Collected data
◆ ◆ ◆ ◆ ◆

lemma det_on_mult:
  assumes "finite V"
  shows "det_on V (\<lambda>a c. \<Sum>b\<in>V. A a b * B b c) = det_on V A * det_on V B"
proof -
  obtain e where e: "bij_betw e {0..<card V} V" using ex_bij_betw_nat_finite[OF assms] by blast
  let ?mat = "\<lambda>M. mat (card V) (card V) (\<lambda>(i, j). M (e i) (e j))"
  have "?mat (\<lambda>a c. \<Sum>b\<in>V. A a b * B b c) = ?mat A * ?mat B"
  proof (rule eq_matI)
    fix i j assume "i < dim_row (?mat A * ?mat B)" "j < dim_col (?mat A * ?mat B)"
    then show "?mat (\<lambda>a c. \<Sum>b\<in>V. A a b * B b c) $$ (i, j) = (?mat A * ?mat B) $$ (i, j)"
      using sum.reindex_bij_betw[OF e, of "\<lambda>b. A (e i) b * B b (e j)"] by (simp add: scalar_prod_def)
  qed auto
  then show ?thesis
    unfolding det_on_eq_det_mat[OF e] by (simp add: det_mult[of _ "card V"])
qed

lemma det_on_block_triangular:
  fixes M :: "'a \<Rightarrow> 'a \<Rightarrow> 'r::idom"
  assumes S: "finite S" and T: "finite T" and disj: "S \<inter> T = {}"
    and zero: "\<And>a b. a \<in> S \<Longrightarrow> b \<in> T \<Longrightarrow> M a b = 0"
  shows "det_on (S \<union> T) M = det_on S M * det_on T M"
proof -
  obtain e1 where e1: "bij_betw e1 {0..<card S} S" using ex_bij_betw_nat_finite[OF S] by blast
  obtain e2 where e2: "bij_betw e2 {0..<card T} T" using ex_bij_betw_nat_finite[OF T] by blast
  define n1 n2 where "n1 = card S" and "n2 = card T"
  define e where "e i = (if i < n1 then e1 i else e2 (i - n1))" for i
  have "bij_betw e {0..<n1} S"
    using e1 unfolding n1_def by (rule bij_betw_cong[THEN iffD1, rotated]) (simp add: e_def n1_def)
  moreover have "bij_betw e {n1..<n1+n2} T"
  proof -
    have "bij_betw (\<lambda>i. i - n1) {n1..<n1 + n2} {0..<n2}"
      by (rule bij_betw_byWitness[of _ "\<lambda>i. i + n1"]) auto
    from bij_betw_trans[OF this e2[folded n2_def]] show ?thesis
      by (rule bij_betw_cong[THEN iffD1, rotated]) (simp add: e_def)
  qed
  ultimately have "bij_betw e ({0..<n1} \<union> {n1..<n1+n2}) (S \<union> T)"
    using disj by (rule bij_betw_combine)
  moreover have "{0..<n1} \<union> {n1..<n1+n2} = {0..<n1+n2}" by auto
  ultimately have e: "bij_betw e {0..<n1+n2} (S \<union> T)" by simp
  let ?A1 = "mat n1 n1 (\<lambda>(i, j). M (e1 i) (e1 j))"
  let ?A3 = "mat n2 n1 (\<lambda>(i, j). M (e2 i) (e1 j))"
  let ?A4 = "mat n2 n2 (\<lambda>(i, j). M (e2 i) (e2 j))"
  have "mat (n1+n2) (n1+n2) (\<lambda>(i, j). M (e i) (e j)) = four_block_mat ?A1 (0\<^sub>m n1 n2) ?A3 ?A4"
  proof (rule eq_matI)
    fix i j assume "i < dim_row (four_block_mat ?A1 (0\<^sub>m n1 n2) ?A3 ?A4)"
      "j < dim_col (four_block_mat ?A1 (0\<^sub>m n1 n2) ?A3 ?A4)"
    moreover have "i < n1 \<Longrightarrow> e1 i \<in> S" and "j < n1 + n2 \<Longrightarrow> \<not> j < n1 \<Longrightarrow> e2 (j - n1) \<in> T"
      using e1 e2 by (auto simp: n1_def n2_def bij_betw_def)
    ultimately show "mat (n1+n2) (n1+n2) (\<lambda>(i, j). M (e i) (e j)) $$ (i, j) =
        four_block_mat ?A1 (0\<^sub>m n1 n2) ?A3 ?A4 $$ (i, j)"
      using zero by (auto simp: e_def)
  qed auto
  then show ?thesis
    unfolding det_on_eq_det_mat[OF e] det_on_eq_det_mat[OF e1] det_on_eq_det_mat[OF e2]
    by (simp add: det_four_block_mat_upper_right_zero[of _ n1 _ n2] n1_def n2_def)
qed
(* Consider the control system, with state $(J_1,J_3,K_2,Q_2,J_0,Q_1,K_1,Q_3,K_3,J_2)\in\mathbb{R}^{10}$ and scalar control $g(t)$, \[ \begin{aligned} \dot J_1&=2gJ_3,\quad \dot J_3=-2gJ_1+2gK_2,\quad \dot K_2=2gJ_3+2Q_2,\quad \dot Q_2=-2K_2,\\ \dot J_0&=-2gQ_1,\quad \dot Q_1=-2gJ_0-2K_1+2gQ_3,\quad \dot K_1=2Q_1+2gK_3,\\ \dot Q_3&=-2gQ_1-2K_3,\quad \dot K_3=-2gK_1+2Q_3-2gJ_2,\quad \dot J_2=-2gK_3, \end{aligned} \] with initial state $(J_1,J_3,K_2,Q_2)=(-1,0,0,0)$, $(J_0,Q_1,K_1,Q_3,K_3,J_2)=(1,0,0,0,0,0)$ and target state $(J_1,J_3,K_2,Q_2)=(1,0,0,0)$, $(J_0,Q_1,K_1,Q_3,K_3,J_2)=(1,0,0,0,0,0)$. Let $m\in\{3,5,7,\ldots\}$ be an odd integer and let the control bound $G_0$ satisfy \[ \frac{m}{m^2+1}\le G_0<\frac{m-2}{(m-2)^2+1}. \] Then the minimum time $T>0$ at which the target state can be reached from the initial state using a constant control $g(t)\equiv G$ with $0<G\le G_0$ is \[ T=\frac{\pi}{2}\sqrt{m^2+1}, \] attained with the constant control $G=m/(m^2+1)$.
   Context: Here $g(t)$ is the photon–phonon coupling rate (in units of the mechanical frequency) of a cavity optomechanical system, and the target corresponds to swapping photon and phonon populations. *)

theory Defs
  imports "HOL-Analysis.Analysis"
begin

text \<open>The state is written as ten real-valued functions of time.
  reach G T: the solution starting at the initial state at time 0 is at
  the target state at time T (the solution of the linear ODE is unique,
  so existence of such a solution is the same as reachability).\<close>

definition reach :: "real \<Rightarrow> real \<Rightarrow> bool" where
  "reach G T \<longleftrightarrow>
    (\<exists>J1 J3 K2 Q2 J0 Q1 K1 Q3 K3 J2 :: real \<Rightarrow> real.
      (\<forall>t\<in>{0..T}.
        (J1 has_real_derivative (2*G*J3 t)) (at t within {0..T}) \<and>
        (J3 has_real_derivative (-2*G*J1 t + 2*G*K2 t)) (at t within {0..T}) \<and>
        (K2 has_real_derivative (2*G*J3 t + 2*Q2 t)) (at t within {0..T}) \<and>
        (Q2 has_real_derivative (-2*K2 t)) (at t within {0..T}) \<and>
        (J0 has_real_derivative (-2*G*Q1 t)) (at t within {0..T}) \<and>
        (Q1 has_real_derivative (-2*G*J0 t - 2*K1 t + 2*G*Q3 t)) (at t within {0..T}) \<and>
        (K1 has_real_derivative (2*Q1 t + 2*G*K3 t)) (at t within {0..T}) \<and>
        (Q3 has_real_derivative (-2*G*Q1 t - 2*K3 t)) (at t within {0..T}) \<and>
        (K3 has_real_derivative (-2*G*K1 t + 2*Q3 t - 2*G*J2 t)) (at t within {0..T}) \<and>
        (J2 has_real_derivative (-2*G*K3 t)) (at t within {0..T})) \<and>
      J1 0 = -1 \<and> J3 0 = 0 \<and> K2 0 = 0 \<and> Q2 0 = 0 \<and>
      J0 0 = 1 \<and> Q1 0 = 0 \<and> K1 0 = 0 \<and> Q3 0 = 0 \<and> K3 0 = 0 \<and> J2 0 = 0 \<and>
      J1 T = 1 \<and> J3 T = 0 \<and> K2 T = 0 \<and> Q2 T = 0 \<and>
      J0 T = 1 \<and> Q1 T = 0 \<and> K1 T = 0 \<and> Q3 T = 0 \<and> K3 T = 0 \<and> J2 T = 0)"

◆ ◆ ◆ ◆ ◆

Action item:
Make a list of all lines in the data that contain "moreover".

Result for this task:
  moreover have "bij_betw e {n1..<n1+n2} T"
  moreover have "{0..<n1} \<union> {n1..<n1+n2} = {0..<n1+n2}" by auto
    moreover have "i < n1 \<Longrightarrow> e1 i \<in> S" and "j < n1 + n2 \<Longrightarrow> \<not> j < n1 \<Longrightarrow> e2 (j - n1) \<in> T"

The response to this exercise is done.